◆ **Problem details**: Scan the listing below for the string "lambda" and copy each line where it turns up.
-*-*-
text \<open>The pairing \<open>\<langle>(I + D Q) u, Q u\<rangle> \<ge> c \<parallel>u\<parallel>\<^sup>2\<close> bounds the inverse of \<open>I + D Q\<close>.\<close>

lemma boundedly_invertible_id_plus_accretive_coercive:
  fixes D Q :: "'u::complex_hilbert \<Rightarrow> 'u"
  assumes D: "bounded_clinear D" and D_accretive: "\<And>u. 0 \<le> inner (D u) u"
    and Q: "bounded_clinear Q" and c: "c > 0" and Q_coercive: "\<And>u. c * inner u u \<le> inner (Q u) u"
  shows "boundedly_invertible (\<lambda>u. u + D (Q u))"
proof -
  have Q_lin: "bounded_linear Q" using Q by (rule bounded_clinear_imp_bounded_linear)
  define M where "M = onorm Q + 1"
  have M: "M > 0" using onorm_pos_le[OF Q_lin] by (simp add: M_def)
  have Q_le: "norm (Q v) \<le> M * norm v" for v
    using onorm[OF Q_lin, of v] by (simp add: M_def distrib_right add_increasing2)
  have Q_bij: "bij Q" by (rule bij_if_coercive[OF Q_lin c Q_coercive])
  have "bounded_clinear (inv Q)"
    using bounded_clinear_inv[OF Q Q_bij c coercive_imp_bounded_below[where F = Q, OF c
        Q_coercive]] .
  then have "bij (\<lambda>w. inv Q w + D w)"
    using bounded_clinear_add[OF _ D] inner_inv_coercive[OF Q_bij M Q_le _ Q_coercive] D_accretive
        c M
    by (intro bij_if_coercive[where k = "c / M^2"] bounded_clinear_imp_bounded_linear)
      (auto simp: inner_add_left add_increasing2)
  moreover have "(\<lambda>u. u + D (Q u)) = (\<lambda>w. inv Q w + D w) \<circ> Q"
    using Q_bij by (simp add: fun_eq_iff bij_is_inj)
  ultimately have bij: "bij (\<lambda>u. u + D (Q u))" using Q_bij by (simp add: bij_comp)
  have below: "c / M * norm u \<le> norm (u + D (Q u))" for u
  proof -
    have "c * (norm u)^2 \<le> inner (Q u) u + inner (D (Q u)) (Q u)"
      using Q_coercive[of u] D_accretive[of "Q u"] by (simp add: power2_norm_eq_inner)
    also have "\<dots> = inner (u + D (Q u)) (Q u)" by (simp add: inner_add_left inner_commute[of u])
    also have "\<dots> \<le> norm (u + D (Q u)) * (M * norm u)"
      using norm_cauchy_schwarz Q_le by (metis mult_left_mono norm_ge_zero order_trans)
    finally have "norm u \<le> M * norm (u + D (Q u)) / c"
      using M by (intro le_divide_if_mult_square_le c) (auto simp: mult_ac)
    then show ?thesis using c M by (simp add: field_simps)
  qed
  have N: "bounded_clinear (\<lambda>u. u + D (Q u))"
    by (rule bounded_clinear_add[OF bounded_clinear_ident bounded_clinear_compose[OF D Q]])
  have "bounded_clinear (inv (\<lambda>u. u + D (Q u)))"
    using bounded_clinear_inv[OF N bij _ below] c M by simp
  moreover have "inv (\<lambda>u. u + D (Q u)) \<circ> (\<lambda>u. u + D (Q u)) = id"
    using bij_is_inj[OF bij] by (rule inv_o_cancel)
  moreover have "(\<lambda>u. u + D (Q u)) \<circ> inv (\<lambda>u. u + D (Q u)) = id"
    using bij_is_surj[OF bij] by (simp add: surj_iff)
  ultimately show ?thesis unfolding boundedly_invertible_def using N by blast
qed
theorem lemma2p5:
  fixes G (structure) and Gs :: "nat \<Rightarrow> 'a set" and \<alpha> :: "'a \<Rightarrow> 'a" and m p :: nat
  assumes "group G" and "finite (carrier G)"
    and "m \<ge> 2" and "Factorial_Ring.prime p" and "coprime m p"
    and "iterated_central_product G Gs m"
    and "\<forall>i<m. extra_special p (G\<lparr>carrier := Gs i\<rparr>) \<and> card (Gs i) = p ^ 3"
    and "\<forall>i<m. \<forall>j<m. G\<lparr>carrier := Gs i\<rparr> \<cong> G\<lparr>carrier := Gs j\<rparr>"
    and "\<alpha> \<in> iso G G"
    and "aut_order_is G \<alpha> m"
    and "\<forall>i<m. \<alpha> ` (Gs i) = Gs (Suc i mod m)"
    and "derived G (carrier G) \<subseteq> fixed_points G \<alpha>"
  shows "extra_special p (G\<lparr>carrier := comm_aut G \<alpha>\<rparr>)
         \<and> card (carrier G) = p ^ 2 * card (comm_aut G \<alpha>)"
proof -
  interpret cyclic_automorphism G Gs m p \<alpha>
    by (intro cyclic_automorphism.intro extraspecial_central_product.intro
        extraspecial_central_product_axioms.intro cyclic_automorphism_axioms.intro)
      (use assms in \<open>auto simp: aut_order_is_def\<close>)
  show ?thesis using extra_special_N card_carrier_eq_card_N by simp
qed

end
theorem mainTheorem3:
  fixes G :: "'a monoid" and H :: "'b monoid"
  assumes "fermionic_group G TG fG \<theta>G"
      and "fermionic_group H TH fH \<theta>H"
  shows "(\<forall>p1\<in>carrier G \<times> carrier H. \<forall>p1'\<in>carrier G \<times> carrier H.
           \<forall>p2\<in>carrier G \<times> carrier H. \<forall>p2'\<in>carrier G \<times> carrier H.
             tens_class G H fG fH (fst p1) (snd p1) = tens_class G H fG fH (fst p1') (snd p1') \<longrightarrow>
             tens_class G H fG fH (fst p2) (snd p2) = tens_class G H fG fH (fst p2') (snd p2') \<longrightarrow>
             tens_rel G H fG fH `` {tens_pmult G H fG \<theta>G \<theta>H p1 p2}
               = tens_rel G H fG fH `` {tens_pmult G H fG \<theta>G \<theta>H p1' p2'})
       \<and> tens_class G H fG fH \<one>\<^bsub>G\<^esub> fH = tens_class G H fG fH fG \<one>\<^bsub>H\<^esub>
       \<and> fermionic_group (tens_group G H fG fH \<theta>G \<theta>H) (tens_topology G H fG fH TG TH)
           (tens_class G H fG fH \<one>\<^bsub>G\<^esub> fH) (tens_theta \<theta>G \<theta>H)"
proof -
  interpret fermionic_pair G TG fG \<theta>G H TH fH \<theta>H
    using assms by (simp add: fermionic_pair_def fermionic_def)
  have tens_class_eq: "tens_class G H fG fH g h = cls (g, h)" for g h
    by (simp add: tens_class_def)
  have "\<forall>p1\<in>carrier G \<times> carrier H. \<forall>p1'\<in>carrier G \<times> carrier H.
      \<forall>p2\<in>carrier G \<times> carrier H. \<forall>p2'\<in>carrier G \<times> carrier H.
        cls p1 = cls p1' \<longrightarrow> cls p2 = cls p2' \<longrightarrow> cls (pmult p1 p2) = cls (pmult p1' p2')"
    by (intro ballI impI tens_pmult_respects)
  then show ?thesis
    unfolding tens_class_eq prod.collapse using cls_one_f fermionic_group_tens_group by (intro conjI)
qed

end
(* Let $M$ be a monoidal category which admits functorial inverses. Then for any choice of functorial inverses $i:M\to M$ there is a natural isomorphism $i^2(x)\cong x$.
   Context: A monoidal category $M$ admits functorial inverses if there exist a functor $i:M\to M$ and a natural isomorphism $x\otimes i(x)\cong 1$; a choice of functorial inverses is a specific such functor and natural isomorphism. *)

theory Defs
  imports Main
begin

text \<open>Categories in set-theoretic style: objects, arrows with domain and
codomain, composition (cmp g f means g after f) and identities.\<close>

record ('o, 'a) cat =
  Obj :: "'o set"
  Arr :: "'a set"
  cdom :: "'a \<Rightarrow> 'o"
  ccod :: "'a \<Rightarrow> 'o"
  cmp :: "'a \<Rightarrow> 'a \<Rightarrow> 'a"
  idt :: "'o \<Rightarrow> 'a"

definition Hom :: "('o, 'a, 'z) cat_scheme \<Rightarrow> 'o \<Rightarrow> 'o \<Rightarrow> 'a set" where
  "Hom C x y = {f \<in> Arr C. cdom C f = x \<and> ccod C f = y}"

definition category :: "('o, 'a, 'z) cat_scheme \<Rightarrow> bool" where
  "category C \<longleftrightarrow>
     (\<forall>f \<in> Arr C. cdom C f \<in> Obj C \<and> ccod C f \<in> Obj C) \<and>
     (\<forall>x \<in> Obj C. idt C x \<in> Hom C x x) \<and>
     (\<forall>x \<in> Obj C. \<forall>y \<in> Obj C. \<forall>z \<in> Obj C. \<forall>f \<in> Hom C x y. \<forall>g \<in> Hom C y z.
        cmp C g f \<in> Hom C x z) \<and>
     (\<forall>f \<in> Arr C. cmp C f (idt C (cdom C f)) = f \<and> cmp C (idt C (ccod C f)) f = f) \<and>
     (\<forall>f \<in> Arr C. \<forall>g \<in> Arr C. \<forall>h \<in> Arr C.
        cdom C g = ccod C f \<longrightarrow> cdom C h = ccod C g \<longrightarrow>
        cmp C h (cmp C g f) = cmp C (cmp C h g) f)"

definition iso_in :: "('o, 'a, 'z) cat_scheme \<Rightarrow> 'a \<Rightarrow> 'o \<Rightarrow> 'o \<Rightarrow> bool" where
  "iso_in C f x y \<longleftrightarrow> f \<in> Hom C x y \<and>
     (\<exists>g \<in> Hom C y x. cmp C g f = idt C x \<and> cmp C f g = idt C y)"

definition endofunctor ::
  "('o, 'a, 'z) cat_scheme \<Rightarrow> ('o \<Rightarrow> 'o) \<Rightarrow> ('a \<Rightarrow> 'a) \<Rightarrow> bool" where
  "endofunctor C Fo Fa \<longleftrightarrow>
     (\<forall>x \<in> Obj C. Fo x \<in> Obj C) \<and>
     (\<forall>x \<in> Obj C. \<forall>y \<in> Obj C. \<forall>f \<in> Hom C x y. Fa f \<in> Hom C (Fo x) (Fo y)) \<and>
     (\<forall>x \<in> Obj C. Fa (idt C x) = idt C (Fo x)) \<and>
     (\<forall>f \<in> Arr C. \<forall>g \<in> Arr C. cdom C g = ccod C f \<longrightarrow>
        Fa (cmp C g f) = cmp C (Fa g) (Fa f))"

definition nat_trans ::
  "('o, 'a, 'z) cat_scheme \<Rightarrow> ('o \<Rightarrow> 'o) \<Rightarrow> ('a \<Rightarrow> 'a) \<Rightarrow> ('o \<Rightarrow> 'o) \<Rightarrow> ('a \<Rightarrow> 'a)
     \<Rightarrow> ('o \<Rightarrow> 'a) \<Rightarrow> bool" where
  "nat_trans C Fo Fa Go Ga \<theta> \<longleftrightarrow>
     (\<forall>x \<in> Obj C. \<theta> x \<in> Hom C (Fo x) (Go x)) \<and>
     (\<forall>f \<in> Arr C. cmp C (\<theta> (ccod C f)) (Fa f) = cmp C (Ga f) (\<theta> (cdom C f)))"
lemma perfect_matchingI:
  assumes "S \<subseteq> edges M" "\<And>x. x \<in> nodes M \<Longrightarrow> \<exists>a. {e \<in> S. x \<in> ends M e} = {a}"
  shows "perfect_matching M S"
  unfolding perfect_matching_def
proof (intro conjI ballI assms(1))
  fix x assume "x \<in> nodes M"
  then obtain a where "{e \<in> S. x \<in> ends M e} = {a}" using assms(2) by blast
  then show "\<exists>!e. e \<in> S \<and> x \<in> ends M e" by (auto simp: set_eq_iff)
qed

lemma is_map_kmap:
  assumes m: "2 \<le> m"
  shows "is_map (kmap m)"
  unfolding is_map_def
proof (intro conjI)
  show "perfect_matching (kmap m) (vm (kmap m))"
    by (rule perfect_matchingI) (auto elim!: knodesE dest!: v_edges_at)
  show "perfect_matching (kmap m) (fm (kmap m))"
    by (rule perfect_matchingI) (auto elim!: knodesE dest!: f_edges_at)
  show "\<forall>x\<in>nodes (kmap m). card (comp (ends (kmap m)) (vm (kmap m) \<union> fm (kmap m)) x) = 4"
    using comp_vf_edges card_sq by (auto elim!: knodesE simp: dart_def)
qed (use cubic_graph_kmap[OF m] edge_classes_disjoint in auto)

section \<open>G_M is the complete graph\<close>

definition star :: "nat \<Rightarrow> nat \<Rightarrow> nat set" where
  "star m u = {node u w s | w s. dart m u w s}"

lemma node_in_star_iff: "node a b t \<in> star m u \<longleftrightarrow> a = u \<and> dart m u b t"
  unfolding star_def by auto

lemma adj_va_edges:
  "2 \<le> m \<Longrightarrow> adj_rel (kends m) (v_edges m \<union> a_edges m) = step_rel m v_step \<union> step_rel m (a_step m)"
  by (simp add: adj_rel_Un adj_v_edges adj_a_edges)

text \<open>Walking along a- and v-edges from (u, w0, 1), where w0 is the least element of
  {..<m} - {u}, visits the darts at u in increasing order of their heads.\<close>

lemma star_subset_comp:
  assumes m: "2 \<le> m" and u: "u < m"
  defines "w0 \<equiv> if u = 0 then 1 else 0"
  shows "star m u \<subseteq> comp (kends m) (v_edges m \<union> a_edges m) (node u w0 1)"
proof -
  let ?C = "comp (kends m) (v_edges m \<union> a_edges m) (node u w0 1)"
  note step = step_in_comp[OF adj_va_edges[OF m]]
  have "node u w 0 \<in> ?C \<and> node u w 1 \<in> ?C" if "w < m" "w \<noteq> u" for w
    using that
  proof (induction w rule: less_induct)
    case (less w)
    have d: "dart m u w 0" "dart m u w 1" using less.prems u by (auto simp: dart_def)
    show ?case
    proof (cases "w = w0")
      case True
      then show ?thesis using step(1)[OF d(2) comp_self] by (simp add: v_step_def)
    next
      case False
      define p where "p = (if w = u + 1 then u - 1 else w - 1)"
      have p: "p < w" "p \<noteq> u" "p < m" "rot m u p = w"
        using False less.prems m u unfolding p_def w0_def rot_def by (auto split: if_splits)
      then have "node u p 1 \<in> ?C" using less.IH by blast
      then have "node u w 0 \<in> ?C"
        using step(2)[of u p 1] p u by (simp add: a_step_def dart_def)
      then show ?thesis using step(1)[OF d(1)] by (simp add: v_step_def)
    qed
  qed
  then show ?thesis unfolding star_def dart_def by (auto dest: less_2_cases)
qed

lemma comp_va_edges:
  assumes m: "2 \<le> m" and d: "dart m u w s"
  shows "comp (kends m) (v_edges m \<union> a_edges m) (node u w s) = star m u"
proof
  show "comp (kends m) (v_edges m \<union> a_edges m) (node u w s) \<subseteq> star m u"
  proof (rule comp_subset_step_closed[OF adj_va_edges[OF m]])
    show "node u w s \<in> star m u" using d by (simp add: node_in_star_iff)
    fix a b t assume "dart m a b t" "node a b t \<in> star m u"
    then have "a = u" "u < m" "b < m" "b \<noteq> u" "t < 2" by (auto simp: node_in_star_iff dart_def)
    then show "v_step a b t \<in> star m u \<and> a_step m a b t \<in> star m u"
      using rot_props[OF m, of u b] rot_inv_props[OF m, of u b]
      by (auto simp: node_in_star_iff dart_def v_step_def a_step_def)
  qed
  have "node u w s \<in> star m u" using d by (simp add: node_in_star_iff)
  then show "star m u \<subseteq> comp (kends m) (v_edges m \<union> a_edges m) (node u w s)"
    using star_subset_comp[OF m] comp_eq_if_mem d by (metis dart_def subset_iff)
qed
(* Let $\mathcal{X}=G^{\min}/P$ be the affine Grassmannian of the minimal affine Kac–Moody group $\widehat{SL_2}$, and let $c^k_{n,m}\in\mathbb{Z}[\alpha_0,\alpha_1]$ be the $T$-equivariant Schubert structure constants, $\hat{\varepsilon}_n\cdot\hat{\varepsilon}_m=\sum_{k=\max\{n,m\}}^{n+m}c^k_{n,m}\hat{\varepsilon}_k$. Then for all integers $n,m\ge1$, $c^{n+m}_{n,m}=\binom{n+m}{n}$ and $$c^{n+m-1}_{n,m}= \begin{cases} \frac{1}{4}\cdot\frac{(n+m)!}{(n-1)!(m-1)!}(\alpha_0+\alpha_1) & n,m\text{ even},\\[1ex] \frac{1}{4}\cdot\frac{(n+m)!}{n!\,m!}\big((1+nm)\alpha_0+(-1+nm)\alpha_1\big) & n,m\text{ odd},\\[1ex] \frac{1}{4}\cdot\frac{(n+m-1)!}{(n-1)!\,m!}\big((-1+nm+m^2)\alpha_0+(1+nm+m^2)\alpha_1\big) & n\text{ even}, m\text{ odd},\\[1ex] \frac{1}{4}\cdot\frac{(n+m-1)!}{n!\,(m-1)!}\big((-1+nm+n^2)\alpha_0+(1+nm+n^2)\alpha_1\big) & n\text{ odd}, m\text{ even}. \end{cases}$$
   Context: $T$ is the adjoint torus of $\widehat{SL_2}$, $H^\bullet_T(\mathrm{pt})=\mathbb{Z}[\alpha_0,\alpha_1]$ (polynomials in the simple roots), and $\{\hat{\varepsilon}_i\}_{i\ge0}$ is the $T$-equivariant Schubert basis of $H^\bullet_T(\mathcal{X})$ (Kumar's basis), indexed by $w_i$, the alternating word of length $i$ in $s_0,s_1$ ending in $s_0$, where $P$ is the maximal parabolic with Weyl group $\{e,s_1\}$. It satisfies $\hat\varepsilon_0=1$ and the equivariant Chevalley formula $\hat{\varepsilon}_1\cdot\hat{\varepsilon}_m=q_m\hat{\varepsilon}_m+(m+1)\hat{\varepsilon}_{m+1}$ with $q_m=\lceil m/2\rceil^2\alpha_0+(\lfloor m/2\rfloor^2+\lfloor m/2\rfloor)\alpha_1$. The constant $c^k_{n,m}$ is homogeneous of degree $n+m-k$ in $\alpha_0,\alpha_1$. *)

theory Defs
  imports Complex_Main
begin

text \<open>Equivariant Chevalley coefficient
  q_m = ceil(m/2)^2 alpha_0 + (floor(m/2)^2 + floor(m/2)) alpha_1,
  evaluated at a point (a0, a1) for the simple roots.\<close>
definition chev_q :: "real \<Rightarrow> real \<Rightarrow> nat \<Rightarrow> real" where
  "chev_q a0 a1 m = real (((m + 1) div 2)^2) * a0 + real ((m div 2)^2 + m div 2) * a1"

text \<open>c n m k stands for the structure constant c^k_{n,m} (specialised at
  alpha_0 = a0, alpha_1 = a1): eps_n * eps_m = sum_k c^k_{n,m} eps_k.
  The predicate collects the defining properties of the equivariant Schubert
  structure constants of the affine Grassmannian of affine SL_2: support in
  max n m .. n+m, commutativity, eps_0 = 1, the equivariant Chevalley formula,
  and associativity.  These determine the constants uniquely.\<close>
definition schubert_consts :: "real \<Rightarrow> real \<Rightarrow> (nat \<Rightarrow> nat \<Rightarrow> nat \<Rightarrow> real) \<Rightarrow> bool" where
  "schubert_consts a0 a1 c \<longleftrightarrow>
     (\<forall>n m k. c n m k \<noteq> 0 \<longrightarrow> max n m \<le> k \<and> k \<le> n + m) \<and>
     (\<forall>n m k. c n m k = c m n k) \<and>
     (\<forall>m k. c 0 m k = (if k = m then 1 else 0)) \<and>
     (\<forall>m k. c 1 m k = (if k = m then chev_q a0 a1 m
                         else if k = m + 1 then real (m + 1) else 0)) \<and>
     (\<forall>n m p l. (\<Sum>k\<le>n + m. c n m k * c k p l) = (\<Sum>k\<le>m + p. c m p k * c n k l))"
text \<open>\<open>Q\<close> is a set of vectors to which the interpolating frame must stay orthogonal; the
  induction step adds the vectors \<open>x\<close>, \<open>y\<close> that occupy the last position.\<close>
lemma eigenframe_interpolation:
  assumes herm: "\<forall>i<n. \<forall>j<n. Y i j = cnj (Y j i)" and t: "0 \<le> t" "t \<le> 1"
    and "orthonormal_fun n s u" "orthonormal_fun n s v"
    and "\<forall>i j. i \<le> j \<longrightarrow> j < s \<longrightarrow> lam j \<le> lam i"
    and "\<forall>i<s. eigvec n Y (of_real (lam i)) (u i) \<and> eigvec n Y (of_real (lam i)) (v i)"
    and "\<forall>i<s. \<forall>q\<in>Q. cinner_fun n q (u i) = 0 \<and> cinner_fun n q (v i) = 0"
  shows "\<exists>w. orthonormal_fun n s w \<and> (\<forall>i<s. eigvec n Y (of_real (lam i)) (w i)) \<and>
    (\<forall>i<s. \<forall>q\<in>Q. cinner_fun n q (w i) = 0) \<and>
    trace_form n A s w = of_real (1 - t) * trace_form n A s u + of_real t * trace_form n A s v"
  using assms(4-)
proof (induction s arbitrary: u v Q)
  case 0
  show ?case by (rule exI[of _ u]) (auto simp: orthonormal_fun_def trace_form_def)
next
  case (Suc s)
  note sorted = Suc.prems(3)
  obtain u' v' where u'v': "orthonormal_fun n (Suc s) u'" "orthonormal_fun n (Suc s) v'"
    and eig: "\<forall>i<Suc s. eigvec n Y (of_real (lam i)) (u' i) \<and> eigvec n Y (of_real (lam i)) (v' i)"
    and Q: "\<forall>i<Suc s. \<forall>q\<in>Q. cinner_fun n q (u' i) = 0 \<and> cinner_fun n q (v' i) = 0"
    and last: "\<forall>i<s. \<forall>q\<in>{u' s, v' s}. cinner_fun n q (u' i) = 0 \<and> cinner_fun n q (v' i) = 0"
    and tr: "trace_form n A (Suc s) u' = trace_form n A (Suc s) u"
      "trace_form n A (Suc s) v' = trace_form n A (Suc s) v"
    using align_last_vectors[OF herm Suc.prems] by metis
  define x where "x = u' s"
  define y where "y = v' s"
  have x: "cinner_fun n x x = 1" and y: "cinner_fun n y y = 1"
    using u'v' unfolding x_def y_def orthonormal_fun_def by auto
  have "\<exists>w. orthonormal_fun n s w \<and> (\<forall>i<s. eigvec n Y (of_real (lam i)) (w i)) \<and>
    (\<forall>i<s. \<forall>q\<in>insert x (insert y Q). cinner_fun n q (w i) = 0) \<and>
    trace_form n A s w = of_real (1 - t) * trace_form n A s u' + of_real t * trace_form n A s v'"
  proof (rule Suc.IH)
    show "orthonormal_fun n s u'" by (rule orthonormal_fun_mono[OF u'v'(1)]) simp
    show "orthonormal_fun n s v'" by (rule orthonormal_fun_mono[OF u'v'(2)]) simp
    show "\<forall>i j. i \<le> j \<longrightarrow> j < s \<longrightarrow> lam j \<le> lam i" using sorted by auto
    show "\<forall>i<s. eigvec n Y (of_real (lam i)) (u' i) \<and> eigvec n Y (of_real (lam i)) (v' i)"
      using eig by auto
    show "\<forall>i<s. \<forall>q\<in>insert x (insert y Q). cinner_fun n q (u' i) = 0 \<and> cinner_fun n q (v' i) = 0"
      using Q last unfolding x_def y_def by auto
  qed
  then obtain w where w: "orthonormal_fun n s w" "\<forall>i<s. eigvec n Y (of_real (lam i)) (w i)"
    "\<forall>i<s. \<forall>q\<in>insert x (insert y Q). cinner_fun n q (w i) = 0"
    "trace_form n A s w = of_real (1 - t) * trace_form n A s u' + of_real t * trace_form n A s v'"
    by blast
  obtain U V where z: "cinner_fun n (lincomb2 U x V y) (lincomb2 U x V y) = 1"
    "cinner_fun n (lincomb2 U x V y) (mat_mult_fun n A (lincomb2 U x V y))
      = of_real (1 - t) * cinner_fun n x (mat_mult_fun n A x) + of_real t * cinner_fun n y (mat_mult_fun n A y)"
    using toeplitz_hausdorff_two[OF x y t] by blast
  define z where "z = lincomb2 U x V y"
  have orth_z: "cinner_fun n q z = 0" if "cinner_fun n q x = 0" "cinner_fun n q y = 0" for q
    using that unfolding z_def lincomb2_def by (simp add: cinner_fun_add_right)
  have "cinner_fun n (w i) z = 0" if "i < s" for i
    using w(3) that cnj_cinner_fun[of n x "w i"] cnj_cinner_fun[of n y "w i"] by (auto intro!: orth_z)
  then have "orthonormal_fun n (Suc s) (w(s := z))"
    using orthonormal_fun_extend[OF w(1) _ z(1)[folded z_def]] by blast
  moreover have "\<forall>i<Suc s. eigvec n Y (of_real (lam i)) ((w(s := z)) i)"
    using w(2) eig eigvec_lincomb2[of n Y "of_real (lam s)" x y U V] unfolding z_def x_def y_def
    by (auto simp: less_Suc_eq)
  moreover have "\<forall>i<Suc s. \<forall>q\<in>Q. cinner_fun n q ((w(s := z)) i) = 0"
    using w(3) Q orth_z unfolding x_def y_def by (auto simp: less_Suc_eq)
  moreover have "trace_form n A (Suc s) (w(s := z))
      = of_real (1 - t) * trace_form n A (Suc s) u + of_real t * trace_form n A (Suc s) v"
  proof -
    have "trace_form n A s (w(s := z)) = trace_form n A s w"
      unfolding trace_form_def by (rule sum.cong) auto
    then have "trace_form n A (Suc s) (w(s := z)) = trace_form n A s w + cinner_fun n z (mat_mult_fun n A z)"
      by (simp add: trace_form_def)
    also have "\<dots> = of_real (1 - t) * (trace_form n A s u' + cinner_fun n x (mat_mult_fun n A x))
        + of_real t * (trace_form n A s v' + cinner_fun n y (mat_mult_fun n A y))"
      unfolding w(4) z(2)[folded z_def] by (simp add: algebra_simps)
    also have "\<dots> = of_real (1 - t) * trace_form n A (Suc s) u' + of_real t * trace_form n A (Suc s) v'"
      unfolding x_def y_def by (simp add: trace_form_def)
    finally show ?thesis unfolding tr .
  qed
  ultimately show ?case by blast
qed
-*-*-
◆ **Result of this exercise**:
  shows "boundedly_invertible (\<lambda>u. u + D (Q u))"
  then have "bij (\<lambda>w. inv Q w + D w)"
  moreover have "(\<lambda>u. u + D (Q u)) = (\<lambda>w. inv Q w + D w) \<circ> Q"
  ultimately have bij: "bij (\<lambda>u. u + D (Q u))" using Q_bij by (simp add: bij_comp)
  have N: "bounded_clinear (\<lambda>u. u + D (Q u))"
  have "bounded_clinear (inv (\<lambda>u. u + D (Q u)))"
  moreover have "inv (\<lambda>u. u + D (Q u)) \<circ> (\<lambda>u. u + D (Q u)) = id"
  moreover have "(\<lambda>u. u + D (Q u)) \<circ> inv (\<lambda>u. u + D (Q u)) = id"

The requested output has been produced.